A review by vikkilynn
The Book Binder's Daughter by Jessica Thorne

5.0

There are several things to love about this book.

First, the language used is intricate, delicate and beautiful. Jessica Thorne has a such a mastery over vocabulary which she uses skillfully and without alienating her reader with a lot of “high-falooty mambo jumbo”. It’s simply exquisite. She uses words like a carver would use their tools to carefully craft a world-behind-the-world creating such detail and a stunning backdrop for this story. I fell in love with the library as though it was a living, breathing entity.

Probably the only thing I didn’t like was there was so much of this, it took a while for the actual story to unfold. You have to just stay with it but trust me, it’s so worth it!

Next, the story itself. The idea of books and magic housed under the roof of a library isn’t one unknown to us readers. Quite honestly, books are magic, transporting, creating, educating and allowing escape for our everyday lives - even if we’re escaping to vicariously live the everyday life of a book character. We meet it, crave it and thrill to it as we let the magic of a good book envelope us and take us where the author wants us to go. Outside of God and all I feel and know through my faith, books are literally the next best ‘high’ one can get.

I always love when an inanimate object suddenly becomes a character. There are two of those in this book; one is the library and one is the tree. They both have words, feelings, personalities and ebb and flow with the heroine flawlessly as she seeks out their secrets and unravels their mysteries. The library moans and groans under threat of evil. The tree dispels its leaves which, in turn, become pages for the bookbinder to create into a book.
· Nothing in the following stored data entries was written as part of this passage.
locale half_invariant_set =
  fixes T0 :: "real \<Rightarrow> real" and S :: "real \<times> real \<Rightarrow> real \<times> real"
    and A :: "(real \<times> real) set" and I :: "real set"
  assumes T0: "T0 \<in> invertible_mpt IX" and S: "S \<in> invertible_mpt IZ"
    and A: "A \<in> sets IZ" and S_A: "\<And>z. z \<in> space IZ \<Longrightarrow> S z \<in> A \<longleftrightarrow> z \<in> A"
    and I: "I \<in> sets IX" and T0_I: "\<And>x. x \<in> space IX \<Longrightarrow> T0 x \<in> I \<longleftrightarrow> x \<in> I"
    and cond_exp_A: "AE z in IZ. real_cond_exp IZ subX (indicator A) z = indicator I (fst z) / 2"
begin

definition "chi_A z = complex_of_real (indicator A z)"

definition "mixing_defect n z = cexpX (\<lambda>w. chi_A ((S ^^ n) w) * cnj (chi_A w)) z
                                - cexpX chi_A ((lift T0 ^^ n) z) * cexpX (\<lambda>w. cnj (chi_A w)) z"

lemma measurable_S_funpow [measurable]: "S ^^ n \<in> measurable IZ IZ"
  using invertible_mptD(4)[OF invertible_mpt_funpow[OF S]] .

lemma measurable_lift_funpow [measurable]: "lift T0 ^^ n \<in> measurable IZ IZ"
  using invertible_mptD(4)[OF invertible_mpt_funpow[OF invertible_mpt_lift[OF T0]]] .

lemma sets_A [measurable]: "A \<in> sets IZ"
  by (rule A)

lemma S_funpow_A: "z \<in> space IZ \<Longrightarrow> (S ^^ n) z \<in> A \<longleftrightarrow> z \<in> A"
  by (induction n) (simp_all add: S_A funpow_in_set[OF invertible_mpt_in_space[OF S]])

lemma T0_funpow_I: "x \<in> space IX \<Longrightarrow> (T0 ^^ n) x \<in> I \<longleftrightarrow> x \<in> I"
  by (induction n) (simp_all add: T0_I funpow_in_set[OF invertible_mpt_in_space[OF T0]])

lemma real_cond_exp_zero: "AE z in IZ. real_cond_exp IZ subX (\<lambda>w. 0) z = 0"
  by (rule sigma_finite_subalgebra.real_cond_exp_F_meas[OF sigma_finite_subalgebra_subX]) auto

lemma cexpX_chi_A: "AE z in IZ. cexpX chi_A z = complex_of_real (indicator I (fst z) / 2)"
proof -
  have re: "(\<lambda>w. Re (chi_A w)) = indicator A" and im: "(\<lambda>w. Im (chi_A w)) = (\<lambda>w. 0)"
    by (auto simp: chi_A_def)
  show ?thesis using cond_exp_A real_cond_exp_zero unfolding cexpX_def re im
    by eventually_elim (simp only: , simp)
qed

lemma cexpX_correlation:
  "AE z in IZ. cexpX (\<lambda>w. chi_A ((S ^^ n) w) * cnj (chi_A w)) z = complex_of_real (indicator I (fst z) / 2)"
proof -
  have re: "(\<lambda>w. Re (chi_A ((S ^^ n) w) * cnj (chi_A w))) = (\<lambda>w. indicator A ((S ^^ n) w) * indicator A w)"
    and im: "(\<lambda>w. Im (chi_A ((S ^^ n) w) * cnj (chi_A w))) = (\<lambda>w. 0)"
    by (auto simp: chi_A_def)
  have "AE w in IZ. indicator A ((S ^^ n) w) * indicator A w = (indicator A w :: real)"
    using AE_space by eventually_elim (auto simp: S_funpow_A indicator_def)
  then have "AE z in IZ. real_cond_exp IZ subX (\<lambda>w. indicator A ((S ^^ n) w) * indicator A w) z
      = real_cond_exp IZ subX (indicator A) z"
    by (intro sigma_finite_subalgebra.real_cond_exp_cong[OF sigma_finite_subalgebra_subX]) auto
  with cond_exp_A real_cond_exp_zero show ?thesis
    unfolding cexpX_def re im by eventually_elim (simp only: , simp)
qed

lemma cexpX_chi_A_lift_funpow:
  "AE z in IZ. cexpX chi_A ((lift T0 ^^ n) z) = complex_of_real (indicator I (fst z) / 2)"
proof -
  have d: "distr IZ IZ (lift T0 ^^ n) = IZ"
    using invertible_mptD(2)[OF invertible_mpt_funpow[OF invertible_mpt_lift[OF T0]]]
    by (simp add: meas_pres_def)
  have "AE z in distr IZ IZ (lift T0 ^^ n). cexpX chi_A z = complex_of_real (indicator I (fst z) / 2)"
    unfolding d by (rule cexpX_chi_A)
  then have "AE z in IZ. cexpX chi_A ((lift T0 ^^ n) z)
      = complex_of_real (indicator I (fst ((lift T0 ^^ n) z)) / 2)"
    by (rule AE_distrD[OF measurable_lift_funpow])
  moreover have "AE z in IZ. fst ((lift T0 ^^ n) z) \<in> I \<longleftrightarrow> fst z \<in> I"
    using AE_space by eventually_elim (auto simp: space_IZ space_IX lift_funpow T0_funpow_I)
  ultimately show ?thesis by eventually_elim (simp only: indicator_def)
qed

lemma mixing_defect_AE: "AE z in IZ. mixing_defect n z = complex_of_real (indicator I (fst z) / 4)"
proof -
  have cnj_chi_A: "(\<lambda>w. cnj (chi_A w)) = chi_A" by (auto simp: chi_A_def)
  show ?thesis
    using cexpX_correlation[of n] cexpX_chi_A_lift_funpow[of n] cexpX_chi_A
    unfolding mixing_defect_def cnj_chi_A
    by eventually_elim (simp only: , cases "fst z \<in> I", simp_all add: indicator_def)
qed

lemma L2norm_mixing_defect: "L2norm (mixing_defect n) = sqrt (measure IX I) / 4"
proof -
  interpret X: prob_space IX by (rule prob_space_IX)
  have [measurable]: "I \<in> sets IX" by (rule I)
  have [measurable]: "fst \<in> measurable IZ IX" by (rule measurable_fst_IZ)
  have "mixing_defect n \<in> borel_measurable IZ" unfolding mixing_defect_def[abs_def] cexpX_def by measurable
  then have "(\<lambda>z. (cmod (mixing_defect n z))\<^sup>2) \<in> borel_measurable IZ" by measurable
  moreover have "AE z in IZ. (cmod (mixing_defect n z))\<^sup>2 = indicator I (fst z) / 16"
    using mixing_defect_AE[of n]
    by eventually_elim (simp only: , cases "fst z \<in> I", simp_all add: indicator_def power2_eq_square)
  ultimately have "(\<integral>z. (cmod (mixing_defect n z))\<^sup>2 \<partial>IZ) = (\<integral>z. indicator I (fst z) / 16 \<partial>IZ)"
    by (intro integral_cong_AE) auto
  also have "\<dots> = (\<integral>z. indicator (I \<times> space IX) z / 16 \<partial>IZ)"
    by (rule Bochner_Integration.integral_cong) (auto simp: indicator_def space_IZ space_IX)
  also have "\<dots> = measure IZ (I \<times> space IX) / 16"
    using sets_IZ_Times[OF I sets.top] by (simp add: Int_absorb2 sets.sets_into_space)
  also have "\<dots> = measure IX I / 16" using measure_IZ_Times[OF I sets.top] X.prob_space by simp
  finally have "(\<integral>z. (cmod (mixing_defect n z))\<^sup>2 \<partial>IZ) = measure IX I / 16" .
  moreover have "sqrt 16 = (4::real)" by (rule real_sqrt_unique) auto
  ultimately show ?thesis unfolding L2norm_def by (simp only: real_sqrt_divide)
qed

lemma L2_rel_chi_A: "L2_rel chi_A"
  unfolding L2_rel_def
proof (intro conjI)
  interpret Z: prob_space IZ by (rule prob_space_IZ)
  show "chi_A \<in> borel_measurable IZ" unfolding chi_A_def[abs_def] by measurable
  have sq: "(\<lambda>z. (cmod (chi_A z))\<^sup>2) = indicator A" by (auto simp: chi_A_def indicator_def)
  show "integrable IZ (\<lambda>z. (cmod (chi_A z))\<^sup>2)" unfolding sq
    by (intro integrable_real_indicator) (auto simp: Z.emeasure_finite less_top[symmetric])
  have "AE z in IZ. sqrt (real_cond_exp IZ subX (\<lambda>w. (cmod (chi_A w))\<^sup>2) z) \<le> 1"
    using cond_exp_A unfolding sq
    by eventually_elim (simp only: , cases "fst z \<in> I", simp_all add: indicator_def)
  then show "\<exists>C. AE z in IZ. sqrt (real_cond_exp IZ subX (\<lambda>w. (cmod (chi_A w))\<^sup>2) z) \<le> C" by blast
qed

lemma not_strongly_mixing_ext:
  assumes "measure IX I > 0"
  shows "\<not> strongly_mixing_ext T0 S"
proof
  assume "strongly_mixing_ext T0 S"
  then have "(\<lambda>n. L2norm (mixing_defect n)) \<longlonglongrightarrow> 0"
    using L2_rel_chi_A unfolding strongly_mixing_ext_def mixing_defect_def[abs_def] by blast
  then have "sqrt (measure IX I) / 4 = 0" by (simp add: L2norm_mixing_defect LIMSEQ_const_iff)
  with assms show False by simp
qed

end

section \<open>Straightening an extension along the returns to a small set\<close>

locale straightening =
  fixes T0 :: "real \<Rightarrow> real" and T :: "real \<times> real \<Rightarrow> real \<times> real"
    and g :: "real \<Rightarrow> real \<Rightarrow> real" and B :: "real set"
  assumes T0: "T0 \<in> invertible_mpt IX" and T: "T \<in> invertible_mpt IZ"
    and T_skew: "skew_product T0 T g" and B: "B \<in> sets IX"
begin

definition "T0_inv = the_inv_into (space IX) T0"
definition "I = recurrent_set IX T0 B"
definition "hit x = (LEAST k. (T0 ^^ k) x \<in> B)"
There’s a nice symbiotic relationship here as the library cannot survive without the tree, which gives of itself to the library yet the tree cannot exist without the library; the library is its home.

The main character of Sophie is lost, alone and confused and all for the right reasons, having survived an emotionally abusive relationship and much loss. She flees to be with an estranged uncle as she takes on a job as the bookbinder at Ayredale’s library. She meets up with friends, old and new. There is a love interest in the form of Will and we struggle along with her to find out his connection to the library.

There is an evil presence and I often found myself wondering who were the good guys and who were the bag guys with the exception of Sophie, our heroine. There is a nice character development as we watch Sophie’s internal struggle to find out what happened to her mom but also to free herself from the bondage of her abusive relationship.

Lastly, I love that this story is almost told like a bit of folklore. It’s like a story you’d tell your kids at night, around a fire while sipping hot chocolate. It’s simply lovely!